Happy New Year to all as well. Like Patrick and Mike, none of my 6 volt vehicles have been converted to 12 volts and all have stock mechanical fuel pumps. My experience is very similar, they all crank very well and start fine without priming, even after sitting for weeks. As I’ve mentioned previously, those with glass bowl filters immediately ahead of the carburetor seem to crank for a shorter duration than those without.
@michael-falise I hadn't thought about the glass filter. My 41 Coupe has a Carter W1 carb with a glass fuel filter attached to the carb. The filter should hold enough fuel to start if the carb immediately. Since this one is not road worthy because of the brakes, I can't figure if it will even need a prime to start more quickly. I'm prepared though, to install an electric fuel pump for priming but it might be a good back up if the mechanical pump should fail.
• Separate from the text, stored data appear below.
lemma laurent_coeff_eq_0_if_infinite_roots:
  fixes c :: "'b \<Rightarrow> 'a::field" and \<epsilon> :: "'b \<Rightarrow> int"
  assumes "finite S" "inj_on \<epsilon> S" "infinite Z" "0 \<notin> Z"
    and vanish: "\<And>z. z \<in> Z \<Longrightarrow> (\<Sum>s\<in>S. c s * z powi \<epsilon> s) = 0"
    and "s \<in> S"
  shows "c s = 0"
proof -
  define d where "d = Min (\<epsilon> ` S)"
  have d_le: "d \<le> \<epsilon> s" if "s \<in> S" for s
    using assms(1) that by (simp add: d_def)
  \<comment> \<open>the Laurent polynomial divided by z powi d\<close>
  define p where "p = (\<Sum>s\<in>S. monom (c s) (nat (\<epsilon> s - d)))"
  have "poly p z = 0" if "z \<in> Z" for z
  proof -
    have "z \<noteq> 0"
      using that assms(4) by auto
    have "z powi \<epsilon> s = z ^ nat (\<epsilon> s - d) * z powi d" if "s \<in> S" for s
    proof -
      have "z powi \<epsilon> s = z powi (\<epsilon> s - d) * z powi d"
        using power_int_add[of z "\<epsilon> s - d" d] \<open>z \<noteq> 0\<close> by simp
      also have "z powi (\<epsilon> s - d) = z ^ nat (\<epsilon> s - d)"
        using d_le[OF that] by (metis int_nat_eq power_int_of_nat diff_ge_0_iff_ge)
      finally show ?thesis .
    qed
    then have "poly p z * z powi d = 0"
      using vanish[OF that]
      by (simp add: p_def poly_sum poly_monom sum_distrib_right mult.assoc)
    then show ?thesis
      using \<open>z \<noteq> 0\<close> by simp
  qed
  then have "Z \<subseteq> {z. poly p z = 0}"
    by blast
  then have "p = 0"
    using assms(3) poly_roots_finite finite_subset by blast
  have "coeff p (nat (\<epsilon> s - d)) = (\<Sum>s'\<in>S. if s' = s then c s' else 0)"
    unfolding p_def coeff_sum coeff_monom
    by (rule sum.cong) (use assms(2,6) d_le in \<open>auto simp: inj_on_def eq_nat_nat_iff\<close>)
  then show ?thesis
    using \<open>p = 0\<close> assms(1,6) by simp
qed

definition unit_root :: "nat \<Rightarrow> complex" where
  "unit_root N = exp (2 * of_real pi * \<i> / of_nat N)"

lemma unit_root_nonzero [simp]: "unit_root N \<noteq> 0"
  by (simp add: unit_root_def)

lemma unit_root_power_eq_1: "0 < N \<Longrightarrow> unit_root N ^ N = 1"
  using complex_root_unity[of N 1] by (simp add: unit_root_def)

lemma root_of_unity_eq_unit_root_power:
  assumes "0 < N" "z ^ N = 1"
  obtains j where "z = unit_root N ^ j"
proof -
  obtain j :: nat where "z = exp (of_nat j * (2 * of_real pi * \<i> / of_nat N))"
    using assms complex_roots_unity[of N] by (auto simp: mult_ac)
  then have "z = unit_root N ^ j"
    by (simp only: unit_root_def exp_of_nat_mult)
  then show ?thesis
    by (rule that)
qed

lemma unit_root_powi_cong:
  assumes "0 < N" "a mod int N = b mod int N"
  shows "unit_root N powi a = unit_root N powi b"
proof -
  obtain t where "a = b + int N * t"
    using assms(2) by (metis mod_eq_dvd_iff dvdE eq_diff_eq add.commute)
  then show ?thesis
    using unit_root_power_eq_1[OF assms(1)] by (simp add: power_int_add power_int_mult)
qed

lemma infinite_roots_of_unity: "infinite {z::complex. \<exists>N>0. z ^ N = 1}" (is "infinite ?U")
proof
  assume "finite ?U"
  moreover have "{z. z ^ Suc (card ?U) = 1} \<subseteq> ?U"
    by blast
  ultimately have "card {z::complex. z ^ Suc (card ?U) = 1} \<le> card ?U"
    by (rule card_mono)
  then show False
    using card_complex_roots_unity[of "Suc (card ?U)"] by simp
qed

lemma algebraic_root_of_unity:
  assumes "0 < N" "z ^ N = 1"
  shows "algebraic z"
  by (rule algebraic_root[where y = 1 and p = "monom 1 N"])
    (use assms in \<open>auto simp: poly_monom coeff_monom degree_monom_eq\<close>)

definition lattice_pairing :: "int ^ 'n \<Rightarrow> int ^ 'n \<Rightarrow> int" where
  "lattice_pairing k m = (\<Sum>i\<in>UNIV. k $ i * m $ i)"

lemma lattice_pairing_add_right:
  "lattice_pairing k (m + m') = lattice_pairing k m + lattice_pairing k m'"
  by (simp add: lattice_pairing_def distrib_left sum.distrib)

lemma lattice_pairing_diff_right:
  "lattice_pairing k (m - m') = lattice_pairing k m - lattice_pairing k m'"
  by (simp add: lattice_pairing_def right_diff_distrib sum_subtractf)

lemma lattice_pairing_scale_left:
  "lattice_pairing (c *s w) m = c * lattice_pairing w m"
  by (simp add: lattice_pairing_def sum_distrib_left mult.assoc)

lemma lattice_pairing_lat_map_dual:
  "lattice_pairing k (lat_map_dual A m) = lattice_pairing (A *v k) m"
proof -
  have "lattice_pairing k (lat_map_dual A m) = (\<Sum>j\<in>UNIV. \<Sum>i\<in>UNIV. k $ j * A $ i $ j * m $ i)"
    by (simp add: lattice_pairing_def lat_map_dual_def sum_distrib_left mult.assoc)
  also have "\<dots> = (\<Sum>i\<in>UNIV. \<Sum>j\<in>UNIV. k $ j * A $ i $ j * m $ i)"
    by (rule sum.swap)
  also have "\<dots> = lattice_pairing (A *v k) m"
    by (simp add: lattice_pairing_def matrix_vector_mult_def sum_distrib_left mult_ac)
  finally show ?thesis .
qed

lemma lattice_pairing_mod:
  "lattice_pairing (\<chi> i. k $ i mod c) m mod c = lattice_pairing k m mod c"
proof -
  have "lattice_pairing (\<chi> i. k $ i mod c) m mod c = (\<Sum>i\<in>UNIV. (k $ i mod c) * m $ i mod c) mod c"
    unfolding lattice_pairing_def by (simp only: vec_lambda_beta mod_sum_eq)
  also have "\<dots> = (\<Sum>i\<in>UNIV. k $ i * m $ i mod c) mod c"
    by (simp only: mod_mult_left_eq)
  also have "\<dots> = lattice_pairing k m mod c"
    unfolding lattice_pairing_def by (simp only: mod_sum_eq)
  finally show ?thesis .
qed

lemma lattice_pairing_self_pos:
  assumes "d \<noteq> 0"
  shows "0 < lattice_pairing d d"
proof -
  obtain i where "d $ i \<noteq> 0"
    using assms by (auto simp: vec_eq_iff)
  then have "0 < d $ i * d $ i"
    by (auto simp: zero_less_mult_iff linorder_neq_iff)
  also have "\<dots> \<le> lattice_pairing d d"
    unfolding lattice_pairing_def by (rule member_le_sum) auto
  finally show ?thesis .
qed

lemma exists_lattice_pairing_nonzero:
  fixes D :: "(int ^ 'n) set"
  assumes "finite D" "0 \<notin> D"
  shows "\<exists>w. \<forall>d\<in>D. lattice_pairing w d \<noteq> 0"
  using assms
proof (induction D rule: finite_induct)
  case empty
  then show ?case by simp
next
  case (insert d D)
  then obtain w where w: "\<forall>d'\<in>D. lattice_pairing w d' \<noteq> 0"
    by auto
  show ?case
  proof (cases "lattice_pairing w d = 0")
    case False
    then show ?thesis
      using w by auto
  next
    case True
    \<comment> \<open>Perturb by d: a large multiple of w keeps the pairings with D away from 0.\<close>
    define M where "M = 1 + (\<Sum>d'\<in>D. \<bar>lattice_pairing d d'\<bar>)"
    have pairing_w': "lattice_pairing (M *s w + d) x = M * lattice_pairing w x + lattice_pairing d x" for x
      by (simp add: lattice_pairing_def distrib_right sum.distrib sum_distrib_left mult.assoc)
    have "lattice_pairing (M *s w + d) d \<noteq> 0"
      using True lattice_pairing_self_pos[of d] insert.prems by (simp add: pairing_w')
    moreover have "lattice_pairing (M *s w + d) d' \<noteq> 0" if "d' \<in> D" for d'
    proof -
      have "\<bar>lattice_pairing d d'\<bar> < M"
        using member_le_sum[of d' D "\<lambda>d'. \<bar>lattice_pairing d d'\<bar>"] that insert.hyps(1)
        by (simp add: M_def)
      moreover have "M \<le> \<bar>M * lattice_pairing w d'\<bar>"
      proof -
        have "1 \<le> \<bar>lattice_pairing w d'\<bar>"
          using w that by auto
        moreover have "0 < M"
          by (simp add: M_def add_pos_nonneg sum_nonneg)
        ultimately show ?thesis
          by (simp add: abs_mult)
      qed
      ultimately show ?thesis
        by (simp add: pairing_w')
    qed
    ultimately show ?thesis
      by auto
  qed
qed

lemma exists_lattice_pairing_inj_on:
  fixes S :: "(int ^ 'n) set"
  assumes "finite S"
  shows "\<exists>w. inj_on (lattice_pairing w) S"
proof -
  define D where "D = {m - m' | m m'. m \<in> S \<and> m' \<in> S \<and> m \<noteq> m'}"
  have "D \<subseteq> (\<lambda>(m, m'). m - m') ` (S \<times> S)"
    by (auto simp: D_def)
  then have "finite D"
    using assms finite_subset by blast
  moreover have "0 \<notin> D"
    by (auto simp: D_def)
  ultimately obtain w where w: "\<forall>d\<in>D. lattice_pairing w d \<noteq> 0"
    using exists_lattice_pairing_nonzero by blast
  have "inj_on (lattice_pairing w) S"
  proof (rule inj_onI, rule ccontr)
    fix m m' assume "m \<in> S" "m' \<in> S" "lattice_pairing w m = lattice_pairing w m'" "m \<noteq> m'"
    then have "m - m' \<in> D"
      by (auto simp: D_def)
    then show False
      using w \<open>lattice_pairing w m = lattice_pairing w m'\<close> by (auto simp: lattice_pairing_diff_right)
  qed
  then show ?thesis ..
qed

lemma zero_face_of_pointed_cone:
  assumes "cone S" "0 \<in> S" "\<And>u. u \<in> S \<Longrightarrow> -u \<in> S \<Longrightarrow> u = 0"
  shows "{0} face_of S"
  unfolding face_of_singleton extreme_point_of_def
proof (intro conjI assms(2) ballI notI)
  fix a b assume "a \<in> S" "b \<in> S" "0 \<in> open_segment a b"
  then obtain t where t: "a \<noteq> b" "0 < t" "t < 1" "(1 - t) *\<^sub>R a + t *\<^sub>R b = 0"
    by (auto simp: in_segment)
  have "-a = (1 / (1 - t)) *\<^sub>R ((1 - t) *\<^sub>R (-a))"
    using t by simp
  also have "(1 - t) *\<^sub>R (-a) = t *\<^sub>R b"
    using add.inverse_unique[OF t(4)] by simp
  finally have "-a \<in> S"
    using assms(1) \<open>b \<in> S\<close> t by (simp add: cone_def)
  then have "a = 0"
    using assms(3) \<open>a \<in> S\<close> by blast
  then show False
    using t by simp
qed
@jerry-berry I recommend using an old style mechanical pump that can be rebuilt with modern parts (diaphragm), rather that the possibly crappy, sealed, Made in China, ones that you can buy at your local supplier. I carry a rebuild kit with me when I go on tours, but I have almost no fear that I will ever need it.
Mike
Many Miles of Happy Motoring
3469 Posts on Old VCCA Chat
@35mike Mike, I literally laughed out loud with your comment about carrying a fuel pump rebuild kit with you. I did drive from Paris, TN to Tupelo, MS about 350 miles round trip in my 54 Belair, but it had only 38K miles on it. I can't tell you how satisfying that was. My 55 has been sitting a while while I'm tinkering with these 84 year old cars (same age as me). I'm hoping my two 41 Chevys will be equally as reliable.
Your plumbing diagram for the electric fuel pump bypass shows that the fuel that goes through the electric pump doesn't go through the filter. I am wondering why you didn't put the filter before the tee to the electric pump...or am I misinterpreting the situation.